Once again, the United Progressive Alliance (UPA) is approaching a session of Parliament with an ambitious legislative agenda. Some of these Bills have been in queue for a long time now. This time, more so than before, it is once again likely to return empty-handed.
This is not just because it has failed to do some political heavy lifting to create the right environment in the run-up to the winter session, but also ignoring or failing to see that the country is facing a mini-election—key states, including Uttar Pradesh (UP), Punjab, Gujarat and Delhi, are readying for assembly elections early next year. An announcement to the effect is imminent from the Election Commission of India.
It would be naïve to expect even the so-called outside supporters such as the Samajwadi Party and Bahujan Samaj Party—electoral opponents of the Congress, particularly in UP— extending even basic courtesies in the session.
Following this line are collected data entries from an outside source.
lemma opsum_optens_collect_coeffs:
  fixes \<phi> :: "'i \<Rightarrow> ('a,'k::field) op" and g :: "'i \<Rightarrow> ('b,'k) op"
    and F :: "'i \<Rightarrow> ('a,'k) op set" and c :: "'i \<Rightarrow> ('a,'k) op \<Rightarrow> 'k"
  assumes S: "summable_fam g" and fin: "\<And>i. finite (F i)" and FB: "\<And>i. F i \<subseteq> B"
    and phi: "\<And>i. \<phi> i = (\<lambda>x. \<Sum>\<beta>\<in>F i. sc (c i \<beta>) (\<beta> x))"
  shows "opsum (\<lambda>i. optens (\<phi> i) (g i)) = opsum (\<lambda>\<beta>. optens \<beta> (collect_coeffs B F c g \<beta>))"
proof -
  define G where "G = collect_coeffs B F c g"
  define c' where "c' i \<beta> = (if \<beta> \<in> F i then c i \<beta> else 0)" for i \<beta>
  have G: "G = (\<lambda>\<beta>. if \<beta> \<in> B then opsum (\<lambda>i s. sc (c' i \<beta>) (g i s)) else (\<lambda>s. 0))"
    unfolding G_def c'_def collect_coeffs_def[abs_def] ..
  show ?thesis
    unfolding G_def[symmetric]
  proof
    fix u :: "('a \<times> 'b, 'k) vec"
    define I where "I = (\<Union>p\<in>snd ` Poly_Mapping.keys u. {i. g i (ebas p) \<noteq> 0})"
    define BU where "BU = (\<Union>i\<in>I. F i)"
    have finI: "finite I" using S by (simp add: I_def summable_fam_def)
    have finBU: "finite BU" using finI fin by (simp add: BU_def)
    have zI: "i \<notin> I \<Longrightarrow> q \<in> Poly_Mapping.keys u \<Longrightarrow> g i (ebas (snd q)) = 0" for i q
      by (auto simp: I_def)
    have Gq: "G \<beta> (ebas (snd q)) = (\<Sum>i\<in>I. sc (c' i \<beta>) (g i (ebas (snd q))))"
      if "\<beta> \<in> B" "q \<in> Poly_Mapping.keys u" for \<beta> q
      using that by (simp add: G) (rule opsum_eq_sum, rule finI, simp add: zI)
    have "opsum (\<lambda>i. optens (\<phi> i) (g i)) u = (\<Sum>i\<in>I. optens (\<phi> i) (g i) u)"
      by (rule opsum_eq_sum[OF finI], rule optens_eq_0) (simp add: zI)
    also have "\<dots> = (\<Sum>i\<in>I. \<Sum>\<beta>\<in>F i. sc (c i \<beta>) (optens \<beta> (g i) u))"
      by (simp add: phi optens_sum_left optens_sc_left)
    also have "\<dots> = (\<Sum>i\<in>I. \<Sum>\<beta>\<in>BU. sc (c' i \<beta>) (optens \<beta> (g i) u))"
    proof (rule sum.cong[OF refl])
      fix i assume "i \<in> I"
      then have "F i \<subseteq> BU" by (auto simp: BU_def)
      then show "(\<Sum>\<beta>\<in>F i. sc (c i \<beta>) (optens \<beta> (g i) u)) = (\<Sum>\<beta>\<in>BU. sc (c' i \<beta>) (optens \<beta> (g i) u))"
        by (intro sum.mono_neutral_cong_left finBU) (auto simp: c'_def)
    qed
    also have "\<dots> = (\<Sum>\<beta>\<in>BU. \<Sum>i\<in>I. sc (c' i \<beta>) (optens \<beta> (g i) u))" by (rule sum.swap)
    also have "\<dots> = (\<Sum>\<beta>\<in>BU. optens \<beta> (G \<beta>) u)"
    proof (rule sum.cong[OF refl])
      fix \<beta> assume "\<beta> \<in> BU"
      then have bB: "\<beta> \<in> B" using FB by (auto simp: BU_def)
      have "optens \<beta> (G \<beta>) u = optens \<beta> (\<lambda>s. \<Sum>i\<in>I. sc (c' i \<beta>) (g i s)) u"
        by (rule optens_cong) (auto simp: Gq[OF bB])
      also have "\<dots> = (\<Sum>i\<in>I. sc (c' i \<beta>) (optens \<beta> (g i) u))"
        by (simp add: optens_sum_right optens_sc_right)
      finally show "(\<Sum>i\<in>I. sc (c' i \<beta>) (optens \<beta> (g i) u)) = optens \<beta> (G \<beta>) u" by simp
    qed
    also have "\<dots> = opsum (\<lambda>\<beta>. optens \<beta> (G \<beta>)) u"
    proof (rule opsum_eq_sum[OF finBU, symmetric])
      fix \<beta> assume nb: "\<beta> \<notin> BU"
      show "optens \<beta> (G \<beta>) u = 0"
      proof (cases "\<beta> \<in> B")
        case True
        show ?thesis
        proof (rule optens_eq_0)
          fix q assume q: "q \<in> Poly_Mapping.keys u"
          have "G \<beta> (ebas (snd q)) = 0" unfolding Gq[OF True q]
            by (rule sum.neutral) (use nb in \<open>auto simp: BU_def c'_def\<close>)
          then show "tens (\<beta> (ebas (fst q))) (G \<beta> (ebas (snd q))) = 0" by simp
        qed
      qed (simp add: G optens_eq_sum_keys)
    qed
    finally show "opsum (\<lambda>i. optens (\<phi> i) (g i)) u = opsum (\<lambda>\<beta>. optens \<beta> (G \<beta>)) u" .
  qed
qed
text \<open>Every point lying in some square is assigned to a square containing it, so a point
  exposed by deleting a set D of at most k squares lies in \<P>_R for some R in D; by the maximality
  of P(R,k), at most |P(R,k)| points of \<P>_R are exposed by D.  Hence the optimum is at most the
  number of points in no square plus the sum of |P(R,k)| over R in D, whereas the greedy deletion
  exposes the points in no square together with the disjoint sets P(R,k), R in S.  As S consists of
  \<alpha> squares with largest |P(R,k)|, its sum is at least \<alpha>/k times the sum over any k squares.\<close>

lemma sum_le_by_threshold:
  fixes f :: "'a \<Rightarrow> 'b::linordered_idom"
  assumes "finite S" "finite T" "card S = \<alpha>" "card T \<le> k" "\<alpha> \<le> k" "0 \<le> t"
    and above: "\<forall>x\<in>S. t \<le> f x" and below: "\<forall>x\<in>T - S. f x \<le> t"
  shows "of_nat \<alpha> * sum f T \<le> of_nat k * sum f S"
proof -
  define j where "j = card (T \<inter> S)"
  define a where "a = sum f (T \<inter> S)"
  have "j \<le> \<alpha>"
    unfolding j_def using assms(1,3) by (metis card_mono inf_le2)
  have "card T = j + card (T - S)"
    unfolding j_def using assms(2) by (metis card_Int_Diff)
  then have "card (T - S) \<le> k - j"
    using assms(4) by linarith
  have a_ge: "of_nat j * t \<le> a"
    unfolding a_def j_def using above sum_bounded_below[of "T \<inter> S" t f] by auto
  have "sum f T = a + sum f (T - S)"
    unfolding a_def using assms(2) by (metis sum.Int_Diff)
  also have "\<dots> \<le> a + of_nat (card (T - S)) * t"
    using below sum_bounded_above[of "T - S" f t] by auto
  also have "\<dots> \<le> a + of_nat (k - j) * t"
    using \<open>card (T - S) \<le> k - j\<close> assms(6)
    by (intro add_left_mono mult_right_mono) (simp_all only: of_nat_le_iff)
  finally have T_le: "sum f T \<le> a + of_nat (k - j) * t" .
  have "card (S - T) = \<alpha> - j"
    unfolding j_def using assms(1,3) by (metis Int_commute card_Diff_subset_Int finite_Int)
  then have "a + of_nat (\<alpha> - j) * t \<le> a + sum f (S - T)"
    using above sum_bounded_below[of "S - T" t f] by auto
  also have "\<dots> = sum f S"
    unfolding a_def using assms(1) by (metis Int_commute sum.Int_Diff)
  finally have S_ge: "a + of_nat (\<alpha> - j) * t \<le> sum f S" .
  have "0 \<le> (of_nat k - of_nat \<alpha>) * (a - of_nat j * t)"
    using a_ge assms(5) by (simp add: mult_nonneg_nonneg)
  then have "of_nat \<alpha> * (a + of_nat (k - j) * t) \<le> of_nat k * (a + of_nat (\<alpha> - j) * t)"
    using \<open>j \<le> \<alpha>\<close> assms(5) by (simp add: of_nat_diff algebra_simps)
  also have "\<dots> \<le> of_nat k * sum f S"
    using S_ge by (simp add: mult_left_mono)
  finally show ?thesis
    using T_le by (meson mult_left_mono of_nat_0_le_iff order_trans)
qed

lemma sum_top_selection_le:
  fixes f :: "'a \<Rightarrow> 'b::linordered_idom"
  assumes "finite Rs" "S \<subseteq> Rs" "card S = min \<alpha> (card Rs)"
    and top: "\<forall>s\<in>S. \<forall>y\<in>Rs - S. f y \<le> f s"
    and nonneg: "\<forall>x\<in>Rs. 0 \<le> f x"
    and "T \<subseteq> Rs" "card T \<le> k" "\<alpha> \<le> k"
  shows "of_nat \<alpha> * sum f T \<le> of_nat k * sum f S"
proof (cases "S = Rs")
  case True
  then have "sum f T \<le> sum f S"
    using assms(1,6) nonneg by (intro sum_mono2) auto
  moreover have "0 \<le> sum f T"
    using assms(6) nonneg by (auto intro: sum_nonneg)
  ultimately show ?thesis
    using assms(8) by (intro mult_mono) auto
next
  case False
  then have "card S < card Rs"
    using assms(1,2) by (blast intro: psubset_card_mono)
  then have "card S = \<alpha>"
    using assms(3) by linarith
  show ?thesis
  proof (cases "S = {}")
    case True
    then show ?thesis
      using \<open>card S = \<alpha>\<close> by simp
  next
    case False
    have "finite S"
      using assms(1,2) finite_subset by blast
    define t where "t = Min (f ` S)"
    have "t \<in> f ` S"
      unfolding t_def using \<open>finite S\<close> False by simp
    show ?thesis
    proof (rule sum_le_by_threshold[where t = t])
      show "0 \<le> t"
        using \<open>t \<in> f ` S\<close> assms(2) nonneg by auto
      show "\<forall>x\<in>S. t \<le> f x"
        unfolding t_def using \<open>finite S\<close> by simp
      show "\<forall>x\<in>T - S. f x \<le> t"
        using \<open>t \<in> f ` S\<close> top assms(6) by auto
    qed (simp_all add: \<open>finite S\<close> \<open>card S = \<alpha>\<close> assms(7,8) finite_subset[OF assms(6,1)])
  qed
qed

lemma exposed_after_mono:
  "D \<subseteq> D' \<Longrightarrow> X \<subseteq> Y \<Longrightarrow> exposed_after \<R> D X \<subseteq> exposed_after \<R> D' Y"
  unfolding exposed_after_def exposed_def by blast

lemma opt_exposed_attained:
  assumes "finite \<R>"
  obtains D where "D \<subseteq> \<R>" "card D \<le> k" "opt_exposed P \<R> k = card (exposed_after \<R> D P)"
proof -
  let ?M = "{card (exposed_after \<R> D P) | D. D \<subseteq> \<R> \<and> card D \<le> k}"
  have "?M = (\<lambda>D. card (exposed_after \<R> D P)) ` {D. D \<subseteq> \<R> \<and> card D \<le> k}"
    by blast
  then have "finite ?M"
    using assms by simp
  moreover have "?M \<noteq> {}"
    by force
  ultimately have "opt_exposed P \<R> k \<in> ?M"
    unfolding opt_exposed_def by (rule Max_in)
  then show ?thesis
    using that by blast
qed

definition uncovered_points :: "point set \<Rightarrow> square set \<Rightarrow> point set" where
  "uncovered_points P \<R> = {p \<in> P. containing \<R> p = {}}"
They’ll most certainly use the highly visible forum of Parliament to posture on a range of issues, and discredit the government in general and the Congress in particular.
This session is likely to put the spotlight on corruption and price rise once again—headline inflation as measured by the Wholesale Price Index is hovering just below double digits. Both are hot-button issues with the electorate. The opposition— the Bharatiya Janata Party and the Left parties—has already served a warning. The UPA on its part is unlikely to favour any detailed discussions on either of these issues. Differing priorities suggest another stalemate.
The last few sessions of Parliament suggest a strained relationship between the UPA and the opposition. If nothing, it has only worsened, with both sides, at times, even engaging in personalized attacks on each other. In the last session, both houses lost about one-third of their scheduled time due to disruptions. In the budget session that preceded it, the situation was marginally better.
So almost every sign points to a session that is unlikely to be productive, especially in generating parliamentary approval on legislation. This is tragic, because the country is desperately seeking a fresh start to generate the desired momentum. All the more as global economic conditions rapidly deteriorate. Long pending pro-reform legislation would have served as an ideal platform.